# calculate second derivative for all three channels, sum of squares for mag

for y in xrange(2,h-1):

for x in xrange(2,w-1):

rdx = inpix[x+1,y][0] + inpix[x-1,y][0] - 2*inpix[x,y][0]

gdx = inpix[x+1,y][1] + inpix[x-1,y][1] - 2*inpix[x,y][1]

bdx = inpix[x+1,y][2] + inpix[x-1,y][2] - 2*inpix[x,y][2]

rdy = inpix[x,y+1][0] + inpix[x,y-1][0] - 2*inpix[x,y][0]

gdy = inpix[x,y+1][1] + inpix[x,y-1][1] - 2*inpix[x,y][1]

bdy = inpix[x,y+1][2] + inpix[x,y-1][2] - 2*inpix[x,y][2]

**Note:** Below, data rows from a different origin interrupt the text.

section \<open>Ultrafilters on located words\<close>

lemma located_words_iff:
  "v \<in> located_words C x \<longleftrightarrow> v \<noteq> [] \<and> (\<forall>a\<in>set v. snd a \<in> C \<union> {x}) \<and> sorted_wrt (<) (map fst v)"
proof
  assume "v \<in> located_words C x"
  then obtain ms where ms: "v \<noteq> []" "length ms = length v" "sorted_wrt (<) ms"
    "\<forall>i<length v. v ! i \<in> Xn C x (ms ! i)" unfolding located_words_def by blast
  have "map fst v = ms" using ms(2,4) by (intro nth_equalityI) (auto simp: Xn_def)
  moreover have "\<forall>a\<in>set v. snd a \<in> C \<union> {x}"
  proof
    fix a assume "a \<in> set v"
    then obtain i where "i < length v" "v ! i = a" by (auto simp: in_set_conv_nth)
    then have "a \<in> Xn C x (ms ! i)" using ms(4) by blast
    then show "snd a \<in> C \<union> {x}" unfolding Xn_def by auto
  qed
  ultimately show "v \<noteq> [] \<and> (\<forall>a\<in>set v. snd a \<in> C \<union> {x}) \<and> sorted_wrt (<) (map fst v)"
    using ms by simp
next
  assume a: "v \<noteq> [] \<and> (\<forall>a\<in>set v. snd a \<in> C \<union> {x}) \<and> sorted_wrt (<) (map fst v)"
  have "\<forall>i<length v. v ! i \<in> Xn C x (map fst v ! i)"
  proof (intro allI impI)
    fix i assume "i < length v"
    then have "v ! i \<in> set v" by simp
    then have "snd (v ! i) \<in> C \<union> {x}" using a by blast
    then show "v ! i \<in> Xn C x (map fst v ! i)" using \<open>i < length v\<close> unfolding Xn_def
      by (cases "v ! i") auto
  qed
  then show "v \<in> located_words C x" unfolding located_words_def using a
    by (intro CollectI conjI exI[of _ "map fst v"]) auto
qed
lemma mixed_ops_diagonal:
  fixes cc :: "nat \<Rightarrow> nat \<Rightarrow> complex" and \<beta> :: "nat \<Rightarrow> real"
  assumes "d \<le> m"
  shows "multiaffine d m (mixed_ops (\<lambda>S R. cc (card S) (card R)) \<beta> d) (\<lambda>_. x) (\<lambda>_. y)
    = (\<Sum>j\<le>d. of_real (\<Sum>L | L \<subseteq> {..<d} \<and> card L = j. \<Prod>l\<in>L. - \<beta> l) *
         (\<Sum>a\<le>d - j. of_nat (d - j choose a) * x ^ a *
            (\<Sum>b\<le>m - j. of_nat (m - j choose b) * cc (a + j) (b + j) * y ^ b)))"
proof -
  define T where "T L = (of_real (\<Prod>l\<in>L. - \<beta> l) :: complex)" for L
  define G where "G j = (\<Sum>a\<le>d - j. of_nat (d - j choose a) * x ^ a *
      (\<Sum>b\<le>m - j. of_nat (m - j choose b) * cc (a + j) (b + j) * y ^ b))" for j
  define F where "F L S R = (if L \<inter> S = {} \<and> L \<inter> R = {} then
      cc (card S + card L) (card R + card L) * x ^ card S * y ^ card R else 0)" for L S R :: "nat set"
  have "multiaffine d m (mixed_ops (\<lambda>S R. cc (card S) (card R)) \<beta> d) (\<lambda>_. x) (\<lambda>_. y)
      = (\<Sum>S\<in>Pow {..<d}. \<Sum>R\<in>Pow {..<m}. \<Sum>L\<in>Pow {..<d}. T L * F L S R)"
    unfolding multiaffine_diagonal mixed_ops_eq sum_distrib_right
  proof (intro sum.cong refl)
    fix S R L
    assume "S \<in> Pow {..<d}" "R \<in> Pow {..<m}" "L \<in> Pow {..<d}"
    hence "finite S" "finite R" "finite L"
      by (auto intro: finite_subset)
    thus "(if L \<inter> S = {} \<and> L \<inter> R = {} then of_real (\<Prod>l\<in>L. - \<beta> l) * cc (card (S \<union> L)) (card (R \<union> L))
          else 0) * x ^ card S * y ^ card R = T L * F L S R"
      by (auto simp: F_def T_def card_Un_disjoint Int_commute)
  qed
  also have "\<dots> = (\<Sum>S\<in>Pow {..<d}. \<Sum>L\<in>Pow {..<d}. \<Sum>R\<in>Pow {..<m}. T L * F L S R)"
    by (rule sum.cong[OF refl], rule sum.swap)
  also have "\<dots> = (\<Sum>L\<in>Pow {..<d}. T L * (\<Sum>S\<in>Pow {..<d}. \<Sum>R\<in>Pow {..<m}. F L S R))"
    by (subst sum.swap) (simp add: sum_distrib_left)
  also have "\<dots> = (\<Sum>L\<in>Pow {..<d}. T L * G (card L))"
    unfolding F_def G_def using \<open>d \<le> m\<close> by (intro sum.cong refl) (simp add: sum_Pow_Pow_avoiding)
  also have "\<dots> = (\<Sum>j\<le>d. (\<Sum>L | L \<subseteq> {..<d} \<and> card L = j. T L) * G j)"
    using card_mono[of "{..<d}"]
    by (subst sum.group[symmetric, of _ _ card]) (auto intro!: sum.cong simp: sum_distrib_right)
  finally show ?thesis
    unfolding T_def G_def by simp
qed
lemma msubst_Psi_rec_left:
  assumes "\<And>m v. m \<in> Poly_Mapping.keys p \<Longrightarrow> v \<in> Poly_Mapping.keys m \<Longrightarrow> fst v \<in> label Ta"
  shows "msubst (Psi_rec w (SNode l [Ta, Tb])) p = Phi w L (msubst (Psi_rec w Ta) p)"
proof -
  have "msubst (Psi_rec w (SNode l [Ta, Tb])) p = msubst (\<lambda>v. pcompose (Psi_rec w Ta v) (monom 1 w)) p"
    using assms by (intro msubst_cong) (simp add: Phi_def)
  thus ?thesis by (simp add: msubst_pcompose Phi_def)
qed

lemma msubst_Psi_rec_right:
  assumes "\<And>m v. m \<in> Poly_Mapping.keys p \<Longrightarrow> v \<in> Poly_Mapping.keys m \<Longrightarrow> fst v \<notin> label Ta"
  shows "msubst (Psi_rec w (SNode l [Ta, Tb])) p = Phi w R (msubst (Psi_rec w Tb) p)"
proof -
  have "msubst (Psi_rec w (SNode l [Ta, Tb])) p
      = msubst (\<lambda>v. pcompose (Psi_rec w Tb v) (monom 1 w + monom 1 (w - 1))) p"
    using assms by (intro msubst_cong) (simp add: Phi_def)
  thus ?thesis by (simp add: msubst_pcompose Phi_def)
qed

context sml_circuit
begin

lemma well_labelled_shape:
  "is_ptree C g t \<Longrightarrow> g < N \<Longrightarrow> well_labelled (shape S t) \<and> label (shape S t) = S g"
proof (induction rule: is_ptree.induct)
  case (inp g i j)
  thus ?case using label_Inp[OF inp(2,1)] by (auto intro: well_labelled.leaf)
next
  case (add g cs c k t)
  hence "well_labelled (shape S t) \<and> label (shape S t) = S g"
    using Add_child_less[OF add(5,1,2)] label_Add[OF add(5,1,2)] by simp
  thus ?case using well_labelled.add[of "shape S t"] by simp
next
  case (mul g a b ta tb)
  have "a < g" "b < g" using Mul_children_less[OF mul(6,1)] by auto
  hence "well_labelled (shape S ta) \<and> label (shape S ta) = S a"
    "well_labelled (shape S tb) \<and> label (shape S tb) = S b" using mul by auto
  moreover have "S a \<inter> S b = {} \<and> S g = S a \<union> S b" using label_Mul[OF mul(6,1)] .
  ultimately show ?case using well_labelled.mul[of "shape S ta" "shape S tb"] by simp
qed

end

section \<open>Faithfulness of the substitution, position by position\<close>

locale upt_circuit = sml_circuit C N S d n rt
  for C :: "nat \<Rightarrow> 'a::field gate" and N S d n rt +
  fixes w r :: nat and T :: stree
  assumes rt_lt: "rt < N"
    and upt: "\<forall>t. is_ptree C rt t \<longrightarrow> shape S t = T"
    and width: "preimage_width C rt T = w"
    and w_pos: "w \<ge> 1"
    and depth: "depth_le T r"
    and char: "CHAR('a) = 0 \<or> CHAR('a) > d * n * w ^ r"
    and ex_ptree: "\<exists>t. is_ptree C rt t"
begin

abbreviation Pre :: "nat list \<Rightarrow> nat set" where
  "Pre p \<equiv> preimage C rt p"

definition gate_span :: "nat set \<Rightarrow> 'a mpoly set" where
  "gate_span G = {h. \<exists>c. h = (\<Sum>g\<in>G. mconst (c g) * f g)}"

lemma gate_span_0: "0 \<in> gate_span G"
  unfolding gate_span_def by (rule CollectI, rule exI[of _ "\<lambda>_. 0"]) simp

lemma gate_span_add: "x \<in> gate_span G \<Longrightarrow> y \<in> gate_span G \<Longrightarrow> x + y \<in> gate_span G"
  unfolding gate_span_def
proof clarify
  fix c c'
  show "\<exists>c''. (\<Sum>g\<in>G. mconst (c g) * f g) + (\<Sum>g\<in>G. mconst (c' g) * f g)
      = (\<Sum>g\<in>G. mconst (c'' g) * f g)"
    by (rule exI[of _ "\<lambda>g. c g + c' g"]) (simp add: mconst_add sum.distrib algebra_simps)
qed

lemma gate_span_scale: "x \<in> gate_span G \<Longrightarrow> mconst a * x \<in> gate_span G"
  unfolding gate_span_def
proof clarify
  fix c
  show "\<exists>c'. mconst a * (\<Sum>g\<in>G. mconst (c g) * f g) = (\<Sum>g\<in>G. mconst (c' g) * f g)"
    by (rule exI[of _ "\<lambda>g. a * c g"]) (simp add: mconst_mult sum_distrib_left mult.assoc)
qed

lemma gate_span_base: "finite G \<Longrightarrow> g \<in> G \<Longrightarrow> f g \<in> gate_span G"
  unfolding gate_span_def
proof (rule CollectI, rule exI[of _ "\<lambda>x. if x = g then 1 else 0"])
  assume "finite G" "g \<in> G"
  have "(\<Sum>x\<in>G. mconst (if x = g then 1 else 0) * f x) = (\<Sum>x\<in>G. if x = g then f x else 0)"
    by (rule sum.cong) (auto simp: mconst_def)
  thus "f g = (\<Sum>x\<in>G. mconst (if x = g then 1 else 0) * f x)" using \<open>finite G\<close> \<open>g \<in> G\<close> by simp
qed

lemma gate_span_sum: "(\<And>i. i \<in> I \<Longrightarrow> h i \<in> gate_span G) \<Longrightarrow> sum h I \<in> gate_span G"
  by (induction I rule: infinite_finite_induct) (auto intro: gate_span_0 gate_span_add)

lemma gate_span_sum_list:
  "(\<And>x. x \<in> set xs \<Longrightarrow> h x \<in> gate_span G) \<Longrightarrow> sum_list (map h xs) \<in> gate_span G"
  by (induction xs) (auto intro: gate_span_0 gate_span_add)
(* The map $\mathrm{mult}:\mathcal{F}_1\to\mathcal{F}_0$, $x\otimes y\mapsto xy$, is bounded and satisfies $\mathrm{mult}\,\mathrm{mult}^*=1$; hence it extends to a bounded linear map $L^2(M^2)\to L^2(M)$.
   Context: $M=\ell^\infty\text{-}\bigoplus_{i\in I}M_i$ with $M_i=\mathbb{C}^{d_i\times d_i}$, $M_0$ the finitely supported part, $E^i_{k,l}$ matrix units. $\omega$ is a delta-form: $\omega(x)=\mathrm{tr}_M(x\sigma)$ where $\mathrm{tr}_M(E^i_{k,l})=\delta_{k,l}d_i$ and $\sigma=\sum_i\sigma_i$ ($\sigma_i\in M_i$) is positive invertible with $\mathrm{Tr}(\sigma_i^{-1})=d_i$. $\mathcal{F}_n=M_0^{\otimes(n+1)}$ with inner product $\langle x_0\otimes\cdots\otimes x_n,y_0\otimes\cdots\otimes y_n\rangle=\prod_j\omega(y_j^*x_j)$; $L^2(M^{n+1})$ is its completion. *)

theory Defs
  imports "HOL-Analysis.Analysis"
begin

text \<open>
  The index set I is a type 'i, with block sizes d :: 'i => nat.
  A matrix-unit index is a triple (i,k,l), meaning E^i_{k,l} (0-based, k,l < d i).
  An element x of M (or of any block-diagonal object) is a coefficient function
  x :: 'i * nat * nat => complex; x (i,k,l) is the (k,l) entry of the block x_i.
\<close>

type_synonym 'i mu = "'i \<times> nat \<times> nat"

definition valid :: "('i \<Rightarrow> nat) \<Rightarrow> 'i mu set" where
  "valid d = {(i,k,l). k < d i \<and> l < d i}"

definition supp :: "('a \<Rightarrow> complex) \<Rightarrow> 'a set" where
  "supp x = {a. x a \<noteq> 0}"

definition M0 :: "('i \<Rightarrow> nat) \<Rightarrow> ('i mu \<Rightarrow> complex) set" where
  "M0 d = {x. supp x \<subseteq> valid d \<and> finite (supp x)}"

outpix2[x,y] = math.sqrt( rdx*rdx + gdx*gdx + bdx*bdx + rdy*rdy + gdy*gdy + bdy*bdy )

To perform image segmentation it would probably be smart to use the pixel value, the gradient (mag and direction) and the second derivative, no sense in throwing away useful information. Gray-scale image of the magnitude of the second derivative (edges are really where the second derivative changes sign, but an edge tends to have extrema in the second derivative on either side of it) shown below.

Using Psyco or F2Py has been shown on similar problems to give several orders of magnitude speed up over a straight Python implementation as shown above.